CPE has landed in Manchester…officially

A really important point prevalence survey of CPE carriage in inpatients in a hospital in Manchester has just been published in the Journal of Hospital Infection. Important because of the high rate of carriage (11% of 662 patients included). Important because for every 1.6 known cases of CPE, there was an undetected case lurking, despite an extensive screening programme. Important because the lack of significant risk factors associated with CPE carriage suggests that it is distributed homogeneously, endemic in the population. And important because this is the first citable publication suggesting that Manchester has a problem with CPE, despite us having known about it for years via professional networks.

This is an extensive point prevalence screening programme, which aimed to screen all inpatients who were not already known carriers of CPE over a 3 day period. They achieve impressive coverage of the inpatient population, screening 623 (89%) of 703 eligible patients. It’s great to see such a high rate of screening acceptance from both a staff and patient viewpoint.

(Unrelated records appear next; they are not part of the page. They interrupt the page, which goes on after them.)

(* The numbers $s_k(m)$ and $s(m)$ satisfy: (i) $s(0)=1$; (ii) $s_0(1)=1$ and $s_k(1)=0$ for $k>0$; (iii) $s_0(2)=0$, $s_1(2)=1$ and $s_k(2)=0$ for $k>1$; (iv) for every integer $m\ge1$: $s_m(2^m)=1$, $$s_{m-1}(2^m)=\sum_{j=0}^{m-1}\sum_{k=0}^{m-2}s_k\big(2^m-(2^{m-1}+\dots+2^j)\big),$$ and $s_k(2^m)=0$ for $k\ne m,m-1$; (v) for every integer $m\ge1$ and $l=0,1,\dots,m-1$: $$s_m(2^m+\dots+2^l)=1+\sum_{j=l}^{m-1}\sum_{k=0}^{m-1}s_k(2^j+\dots+2^l),$$ $$s_{m-1}(2^m+\dots+2^l)=\sum_{j=0}^{m-1}\sum_{k=0}^{m-2}s_k\big((2^m+\dots+2^l)-(2^{m-1}+\dots+2^j)\big),$$ and $s_k(2^m+\dots+2^l)=0$ for $k\ne m,m-1$; (vi) for $l=2,3,\dots,m-1$ and $a_0,\dots,a_{l-2}\in\{0,1\}$ not all $0$, writing $A=a_{l-2}2^{l-2}+\dots+a_02^0$: $$s_m(2^m+\dots+2^l+A)=\sum_{k=0}^{m-1}s_k(A)+\sum_{j=l}^{m-1}\sum_{k=0}^{m-1}s_k(2^j+\dots+2^l+A),$$ $$s_{m-1}(2^m+\dots+2^l+A)=\sum_{j=0}^{m-1}\sum_{k=0}^{m-2}s_k\big((2^m+\dots+2^l+A)-(2^{m-1}+\dots+2^j)\big),$$ and $s_k(2^m+\dots+2^l+A)=0$ for $k\ne m,m-1$; (vii) for $m>1$ and $a_0,\dots,a_{m-2}\in\{0,1\}$ not all $0$, writing $B=a_{m-2}2^{m-2}+\dots+a_02^0$: $$s_m(2^m+B)=\sum_{k=0}^{m-1}s_k(B),$$ $$s_{m-1}(2^m+B)=\sum_{j=0}^{m-1}\sum_{k=0}^{m-2}s_k\big((2^m+B)-(2^{m-1}+\dots+2^j)\big),$$ and $s_k(2^m+B)=0$ for $k\ne m,m-1$.
   Context: For a natural number $m>0$ and $k\in\{0,1,2,\dots\}$, $S_k(m)$ is the set of all finite sequences $((m_1,l_1),\dots,(m_t,l_t))$ with $t\ge1$ of pairs of natural numbers such that $k=m_1>m_2>\dots>m_t\ge0$, $m_j\ge l_j\ge0$ for all $j$, and $m=\sum_{j=1}^t\sum_{p=0}^{l_j}2^{m_j-p}$; $s_k(m)=|S_k(m)|$. For $m>0$, $s(m)=\sum_{k\ge0}s_k(m)$ (a finite sum, since $s_k(m)=0$ for all but finitely many $k$), and $s(0)=1$ by convention. Empty sums are $0$. *)

theory Defs
  imports Main
begin

definition S_set :: "nat \<Rightarrow> nat \<Rightarrow> (nat \<times> nat) list set" where
  "S_set k m = {ps. 0 < m \<and> ps \<noteq> [] \<and> fst (hd ps) = k
      \<and> sorted_wrt (>) (map fst ps)
      \<and> (\<forall>(a, b) \<in> set ps. b \<le> a)
      \<and> m = (\<Sum>(a, b) \<leftarrow> ps. \<Sum>p = 0..b. (2::nat) ^ (a - p))}"

definition s_k :: "nat \<Rightarrow> nat \<Rightarrow> nat" where
  "s_k k m = card (S_set k m)"

definition s :: "nat \<Rightarrow> nat" where
  "s m = (if m = 0 then 1 else (\<Sum>k \<in> {k. s_k k m \<noteq> 0}. s_k k m))"

definition gs :: "nat \<Rightarrow> nat \<Rightarrow> nat" where
  "gs a b = (\<Sum>i \<in> {b..a}. (2::nat) ^ i)"

end

theory Submission
  imports Defs
begin

(* Splitting off the leading pair (k, b) of a sequence in S_k(X) removes the block
   2^k + ... + 2^(k-b) = gs k (k - b); what is left is empty or lies in S_k'(X - gs k (k - b))
   for some k' < k.  Since S_k(X) is empty unless
   2^k <= X < 2^(k+2), only k = m and k = m - 1 contribute when 2^m <= X < 2^(m+1).  For
   k = m - 1 no single block reaches X.  For k = m and X = gs m l + R with R < 2^(l-1), the
   blocks gs m j with j < l overshoot X, the block gs m l leaves R, and gs m (j+1) leaves
   gs j l + R. *)

lemma gs_add_pow: "b \<le> a \<Longrightarrow> gs a b + 2 ^ b = 2 ^ Suc a"
proof (induction a)
  case (Suc a)
  then show ?case
    by (cases "b = Suc a") (auto simp: gs_def le_Suc_eq)
qed (simp add: gs_def)

lemma gs_less: "gs a b < 2 ^ Suc a"
proof (cases "b \<le> a")
  case True
  then show ?thesis
    using gs_add_pow[of b a] by (metis less_add_same_cancel1 zero_less_numeral zero_less_power)
qed (simp add: gs_def)

lemma pow_le_gs:
  assumes "b \<le> a"
  shows "2 ^ a \<le> gs a b"
proof -
  have "(2::nat) ^ b \<le> 2 ^ a"
    using assms by (simp add: power_increasing)
  moreover have "(2::nat) ^ Suc a = 2 ^ a + 2 ^ a"
    by simp
  ultimately show ?thesis
    using gs_add_pow[OF assms] by linarith
qed

lemma gs_pos: "b \<le> a \<Longrightarrow> 0 < gs a b"
  using pow_le_gs[of b a] by (meson le_trans not_le zero_less_numeral zero_less_power)

lemma gs_self: "gs a a = 2 ^ a"
  by (simp add: gs_def)

lemma gs_split:
  assumes "l < j" "j \<le> m"
  shows "gs m l = gs m j + gs (j - 1) l"
proof -
  have "gs (j - 1) l + 2 ^ l = 2 ^ j"
    using assms gs_add_pow[of l "j - 1"] by simp
  then show ?thesis
    using assms gs_add_pow[of l m] gs_add_pow[of j m] by linarith
qed

lemma sum_pow_diff_eq_gs: "b \<le> a \<Longrightarrow> (\<Sum>p = 0..b. (2::nat) ^ (a - p)) = gs a (a - b)"
  unfolding gs_def
  by (rule sum.reindex_bij_witness[where i = "\<lambda>i. a - i" and j = "\<lambda>p. a - p"]) auto

definition admissible :: "(nat \<times> nat) list \<Rightarrow> bool" where
  "admissible ps \<longleftrightarrow> sorted_wrt (>) (map fst ps) \<and> (\<forall>(a, b) \<in> set ps. b \<le> a)"

definition weight :: "(nat \<times> nat) list \<Rightarrow> nat" where
  "weight ps = (\<Sum>(a, b) \<leftarrow> ps. \<Sum>p = 0..b. 2 ^ (a - p))"

lemma weight_Nil [simp]: "weight [] = 0"
  by (simp add: weight_def)

lemma weight_Cons [simp]: "b \<le> a \<Longrightarrow> weight ((a, b) # ps) = gs a (a - b) + weight ps"
  by (simp add: weight_def sum_pow_diff_eq_gs)

lemma admissible_Nil [simp]: "admissible []"
  by (simp add: admissible_def)

lemma admissible_Cons:
  "admissible ((a, b) # ps) \<longleftrightarrow> b \<le> a \<and> (\<forall>c \<in> fst ` set ps. c < a) \<and> admissible ps"
  by (auto simp: admissible_def)

lemma mem_S_set_iff:
  "ps \<in> S_set k X \<longleftrightarrow> 0 < X \<and> ps \<noteq> [] \<and> fst (hd ps) = k \<and> admissible ps \<and> X = weight ps"
  by (simp add: S_set_def admissible_def weight_def)

lemma weight_less:
  "admissible ps \<Longrightarrow> \<forall>a \<in> fst ` set ps. a < n \<Longrightarrow> weight ps < 2 ^ Suc n"
proof (induction ps arbitrary: n)
  case (Cons p ps)
  obtain a b where p: "p = (a, b)"
    by fastforce
  have "b \<le> a" "a < n" "weight ps < 2 ^ Suc a"
    using Cons by (auto simp: p admissible_Cons)
  moreover have "(2::nat) ^ Suc (Suc a) \<le> 2 ^ Suc n"
    using \<open>a < n\<close> by (intro power_increasing) simp_all
  ultimately show ?case
    using gs_less[of a "a - b"] by (simp add: p)
qed simp

lemma mem_S_set_bounds:
  assumes "ps \<in> S_set k X"
  shows "2 ^ k \<le> X" and "X < 2 ^ Suc (Suc k)"
proof -
  obtain b r where ps: "ps = (k, b) # r" and "b \<le> k" and adm: "admissible ps" and X: "X = weight ps"
    using assms by (cases ps) (auto simp: mem_S_set_iff admissible_Cons)
  then show "2 ^ k \<le> X"
    using pow_le_gs[of "k - b" k] by simp
  have "\<forall>a \<in> fst ` set ps. a < Suc k"
    using adm by (auto simp: ps admissible_Cons)
  then show "X < 2 ^ Suc (Suc k)"
    using weight_less adm X by blast
qed

lemma s_k_eq_0_outside: "X < 2 ^ k \<or> 2 ^ Suc (Suc k) \<le> X \<Longrightarrow> s_k k X = 0"
  unfolding s_k_def using mem_S_set_bounds by (metis card.empty equals0I not_le)

lemma s_k_0 [simp]: "s_k k 0 = 0"
  by (simp add: s_k_def S_set_def)

lemma Cons_mem_S_set_iff:
  "(a, b) # r \<in> S_set k X \<longleftrightarrow> a = k \<and> b \<le> k \<and>
     (r = [] \<and> X = gs k (k - b) \<or> (\<exists>k' < k. r \<in> S_set k' (X - gs k (k - b))))"
  (is "_ \<longleftrightarrow> ?rhs")
proof
  assume "(a, b) # r \<in> S_set k X"
  then have ak: "a = k" and bk: "b \<le> k" and X: "X = gs k (k - b) + weight r"
    and adm: "admissible r" and below: "\<forall>c \<in> fst ` set r. c < k"
    by (auto simp: mem_S_set_iff admissible_Cons)
  show ?rhs
  proof (cases r)
    case (Cons q r')
    obtain c d where q: "q = (c, d)"
      by fastforce
    have "d \<le> c"
      using adm by (simp add: Cons q admissible_Cons)
    then have "0 < weight r"
      using gs_pos[of "c - d" c] by (simp add: Cons q)
    then have "r \<in> S_set c (X - gs k (k - b))"
      using adm X by (simp add: mem_S_set_iff Cons q)
    moreover have "c < k"
      using below by (simp add: Cons q)
    ultimately show ?thesis
      using ak bk by blast
  qed (use ak bk X in simp)
next
  assume ?rhs
  then consider "a = k" "b \<le> k" "r = []" "X = gs k (k - b)"
    | k' where "a = k" "b \<le> k" "k' < k" "r \<in> S_set k' (X - gs k (k - b))"
    by blast
  then show "(a, b) # r \<in> S_set k X"
  proof cases
    case 1
    then show ?thesis
      using gs_pos[of "k - b" k] by (auto simp: mem_S_set_iff admissible_Cons)
  next
    case 2
    then obtain q r' where r: "r = q # r'" and "fst q = k'" and "admissible r"
      and "weight r = X - gs k (k - b)" and "0 < X - gs k (k - b)"
      by (cases r) (auto simp: mem_S_set_iff)
    moreover have "\<forall>c \<in> fst ` set r. c < k"
      using \<open>admissible r\<close> \<open>fst q = k'\<close> \<open>k' < k\<close> by (auto simp: r admissible_def)
    ultimately show ?thesis
      using 2 by (auto simp: mem_S_set_iff admissible_Cons)
  qed
qed

lemma S_set_decomp:
  "S_set k X = (\<lambda>j. [(k, k - j)]) ` {j. j \<le> k \<and> gs k j = X}
     \<union> (\<Union>j\<le>k. \<Union>k'<k. (#) (k, k - j) ` S_set k' (X - gs k j))"
  (is "_ = ?single \<union> ?longer")
proof (intro equalityI subsetI)
  fix ps
  assume ps: "ps \<in> S_set k X"
  then obtain b r where ps_eq: "ps = (k, b) # r" and bk: "b \<le> k"
    by (cases ps) (auto simp: mem_S_set_iff admissible_Cons)
  have j: "k - (k - b) = b" "k - b \<le> k"
    using bk by auto
  from ps consider "r = []" "X = gs k (k - b)" | k' where "k' < k" "r \<in> S_set k' (X - gs k (k - b))"
    by (auto simp: ps_eq Cons_mem_S_set_iff)
  then show "ps \<in> ?single \<union> ?longer"
  proof cases
    case 1
    then have "ps \<in> ?single"
      using j by (auto simp: ps_eq intro!: image_eqI[where x = "k - b"])
    then show ?thesis ..
  next
    case 2
    then have "ps \<in> (#) (k, k - (k - b)) ` S_set k' (X - gs k (k - b))"
      using j by (simp add: ps_eq)
    then show ?thesis
      using j 2 by blast
  qed
qed (auto simp: Cons_mem_S_set_iff)

lemma finite_S_set: "finite (S_set k X)"
proof (induction k arbitrary: X rule: less_induct)
  case (less k)
  then show ?case
    by (subst S_set_decomp) auto
qed

(* Blocks overshooting X contribute nothing: then X - gs k j = 0 and s_k k' 0 = 0. *)
lemma s_k_rec:
  "s_k k X = card {j. j \<le> k \<and> gs k j = X} + (\<Sum>j\<le>k. \<Sum>k'<k. s_k k' (X - gs k j))"
proof -
  let ?hits = "{j. j \<le> k \<and> gs k j = X}"
  let ?single = "(\<lambda>j. [(k, k - j)]) ` ?hits"
  let ?longer = "\<lambda>j k'. (#) (k, k - j) ` S_set k' (X - gs k j)"
  have card_longer: "card (?longer j k') = s_k k' (X - gs k j)" for j k'
    unfolding s_k_def by (rule card_image) simp
  have "card (\<Union>k'<k. ?longer j k') = (\<Sum>k'<k. s_k k' (X - gs k j))" for j
    by (subst card_UN_disjoint) (auto simp: finite_S_set card_longer mem_S_set_iff)
  then have "card (\<Union>j\<le>k. \<Union>k'<k. ?longer j k') = (\<Sum>j\<le>k. \<Sum>k'<k. s_k k' (X - gs k j))"
    by (subst card_UN_disjoint) (auto simp: finite_S_set)
  moreover have "card ?single = card ?hits"
    by (rule card_image) (auto simp: inj_on_def)
  moreover have "?single \<inter> (\<Union>j\<le>k. \<Union>k'<k. ?longer j k') = {}"
    by (auto simp: mem_S_set_iff)
  ultimately show ?thesis
    unfolding s_k_def by (subst S_set_decomp, subst card_Un_disjoint) (auto simp: finite_S_set)
qed

lemma gs_strict_antimono: "l < j \<Longrightarrow> j \<le> m \<Longrightarrow> gs m j < gs m l"
  using gs_split[of l j m] gs_pos[of l "j - 1"] by simp

lemma gs_add_less_gs:
  assumes "j < l" "l \<le> m" "R < 2 ^ (l - 1)"
  shows "gs m l + R < gs m j"
proof -
  have "2 ^ (l - 1) \<le> gs (l - 1) j"
    using assms by (intro pow_le_gs) simp
  then have "R < gs (l - 1) j"
    using assms(3) by linarith
  then show ?thesis
    using assms gs_split[of j l m] by simp
qed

A whopping 11% of 662 patients were carrying CPE (26 newly identified and 44 previously known (see Figure). This suggests that the extensive admission and weekly screening programme was not detecting CPE carriers effectively. There’s one beautifully academic statement in the discussion: ‘The prevalence of CPE at CMFT is likely to be higher than other settings in the UK’; I’d be amazed if it wasn’t! I don’t want this blog to be misinterpreted: there’s no intended criticism of colleagues in Manchester. This could have happened (and indeed could be happening) to any of us working in healthcare. I’m just delighted to see some data from Manchester being published

Figure: CPE carriage status in the 662 patients included in the point prevalence survey.

Poole CPE

PCR was used as a front-line test, with samples positive by PCR cultured in an attempt to grow the CPE. For 7 (27%) of samples positive by PCR, no CPE could be grown. This suggests that PCR is more sensitive in detecting CPE, although the possibility of carbapenemase genes in non-Enterobacteriaceae (such as Acinetobacter), and the slim possibility of a misfiring PCR assay that lacks specificity can’t be ruled out.

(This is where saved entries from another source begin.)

lemma matpow_scaleR: "matpow (t *\<^sub>R X) m = t ^ m *\<^sub>R matpow X m"
proof -
  have scaleR_right: "Y ** (c *\<^sub>R Z) = c *\<^sub>R (Y ** Z)" for Y Z :: "'n::finite augmat" and c
    by (simp add: vec_eq_iff matrix_matrix_mult_def sum_distrib_left mult_ac)
  show ?thesis by (induction m) (simp_all add: scaleR_right scalar_matrix_assoc[symmetric])
qed

definition entry_bound :: "('n::finite) augmat \<Rightarrow> real" where
  "entry_bound X = (\<Sum>i\<in>UNIV. \<Sum>k\<in>UNIV. \<bar>X$i$k\<bar>) + 1"

lemma row_sum_le_entry_bound: "(\<Sum>k\<in>UNIV. \<bar>X$i$k\<bar>) \<le> entry_bound X"
proof -
  have "(\<Sum>k\<in>UNIV. \<bar>X$i$k\<bar>) \<le> (\<Sum>i\<in>UNIV. \<Sum>k\<in>UNIV. \<bar>X$i$k\<bar>)"
    by (rule member_le_sum) (auto intro: sum_nonneg)
  thus ?thesis by (simp add: entry_bound_def)
qed

lemma entry_bound_ge_1: "entry_bound X \<ge> 1"
  by (simp add: entry_bound_def sum_nonneg)

lemma matpow_entry_le: "\<bar>matpow X m $ i $ j\<bar> \<le> entry_bound X ^ m"
proof (induction m arbitrary: i j)
  case 0
  thus ?case by (simp add: mat_def)
next
  case (Suc m)
  have "\<bar>matpow X (Suc m) $ i $ j\<bar> = \<bar>\<Sum>k\<in>UNIV. X$i$k * matpow X m $ k $ j\<bar>"
    by (simp add: matrix_matrix_mult_def)
  also have "\<dots> \<le> (\<Sum>k\<in>UNIV. \<bar>X$i$k\<bar> * entry_bound X ^ m)"
    by (rule order_trans[OF sum_abs]) (auto intro!: sum_mono mult_left_mono Suc simp: abs_mult)
  also have "\<dots> = (\<Sum>k\<in>UNIV. \<bar>X$i$k\<bar>) * entry_bound X ^ m"
    by (simp add: sum_distrib_right)
  also have "\<dots> \<le> entry_bound X * entry_bound X ^ m"
    using row_sum_le_entry_bound[of X i] entry_bound_ge_1[of X] by (intro mult_right_mono) auto
  finally show ?case by simp
qed

text \<open>\<open>mexp_quotient X i j t\<close> is the \<open>(i, j)\<close> entry of \<open>(exp (t X) - 1) / t\<close>, extended
  by \<open>X\<close> at \<open>t = 0\<close>.\<close>

definition mexp_quotient :: "('n::finite) augmat \<Rightarrow> 'n option \<Rightarrow> 'n option \<Rightarrow> real \<Rightarrow> real" where
  "mexp_quotient X i j t = (\<Sum>m. matpow X (Suc m) $ i $ j / fact (Suc m) * t ^ m)"

lemma summable_mexp_quotient:
  "summable (\<lambda>m. matpow X (Suc m) $ i $ j / fact (Suc m) * t ^ m)"
proof (rule summable_comparison_test'[where N = 0])
  let ?K = "entry_bound X"
  show "summable (\<lambda>m. ?K * (inverse (fact m) * (?K * \<bar>t\<bar>) ^ m))"
    by (intro summable_mult summable_exp)
  fix m :: nat
  have "norm (matpow X (Suc m) $ i $ j / fact (Suc m) * t ^ m)
      = \<bar>matpow X (Suc m) $ i $ j\<bar> / fact (Suc m) * \<bar>t\<bar> ^ m"
    by (simp add: abs_mult power_abs)
  also have "\<dots> \<le> ?K ^ Suc m / fact m * \<bar>t\<bar> ^ m"
  proof (intro mult_right_mono frac_le)
    show "\<bar>matpow X (Suc m) $ i $ j\<bar> \<le> ?K ^ Suc m" by (rule matpow_entry_le)
    show "(fact m :: real) \<le> fact (Suc m)" by (rule fact_mono) simp
  qed (use entry_bound_ge_1[of X] in auto)
  also have "\<dots> = ?K * (inverse (fact m) * (?K * \<bar>t\<bar>) ^ m)"
    by (simp add: power_mult_distrib field_simps)
  finally show "norm (matpow X (Suc m) $ i $ j / fact (Suc m) * t ^ m)
      \<le> ?K * (inverse (fact m) * (?K * \<bar>t\<bar>) ^ m)" .
qed

lemma mexp_scaleR_minus_mat_1:
  "(mexp (t *\<^sub>R X) - mat 1) $ i $ j = t * mexp_quotient X i j t"
proof -
  define a where "a m = t ^ m * matpow X m $ i $ j / fact m" for m
  have a_Suc: "a (Suc m) = t * (matpow X (Suc m) $ i $ j / fact (Suc m) * t ^ m)" for m
    by (simp add: a_def)
  have "summable (\<lambda>m. a (Suc m))"
    unfolding a_Suc by (intro summable_mult summable_mexp_quotient)
  hence "summable a" by (simp add: summable_Suc_iff)
  have "mexp (t *\<^sub>R X) $ i $ j = suminf a"
    by (simp add: mexp_def matpow_scaleR a_def[abs_def])
  also have "\<dots> = a 0 + (\<Sum>m. a (Suc m))"
    using suminf_split_head[OF \<open>summable a\<close>] by simp
  also have "(\<Sum>m. a (Suc m)) = t * mexp_quotient X i j t"
    unfolding a_Suc mexp_quotient_def by (rule suminf_mult[OF summable_mexp_quotient])
  finally show ?thesis by (simp add: a_def)
qed

lemma mexp_quotient_tendsto: "(mexp_quotient X i j \<longlongrightarrow> X $ i $ j) (at 0)"
proof -
  have "isCont (mexp_quotient X i j) 0"
    unfolding mexp_quotient_def[abs_def]
    by (rule isCont_powser_converges_everywhere[OF summable_mexp_quotient])
  moreover have "mexp_quotient X i j 0 = X $ i $ j"
    unfolding mexp_quotient_def powser_zero by simp
  ultimately show ?thesis by (simp add: isCont_def)
qed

The prevalence of CPE carriage was the same in each of the clinical divisions (Medicine, Surgery, Specialist Medicine, and Critical Care). If this was an emerging problem, you’d expect the rate of carriage to be higher in one of these areas. Also, although a few risk factors were associated with CPE carriage in univariable analysis, no risk factors were associated with CPE carriage in a multivariable analysis. A high proportion of the CPE identified were KPC (88%), and the majority of patients (both CPE positive and negative) were of white, British ethnicity. Whilst it could be that the study was underpowered to detect statistically significant risk factors (and I’m not sure why the previously known cases were not included in the analysis), taken together, these findings suggest that CPE is already distributed homogeneously and thoroughly endemic in this hospital.

This study is deeply concerning, and illustrates how quickly CPE can become established in a hospital population. It’s difficult to see how this situation can be recovered, although there are some encouraging success stories in reversing seemingly dire CPE situations.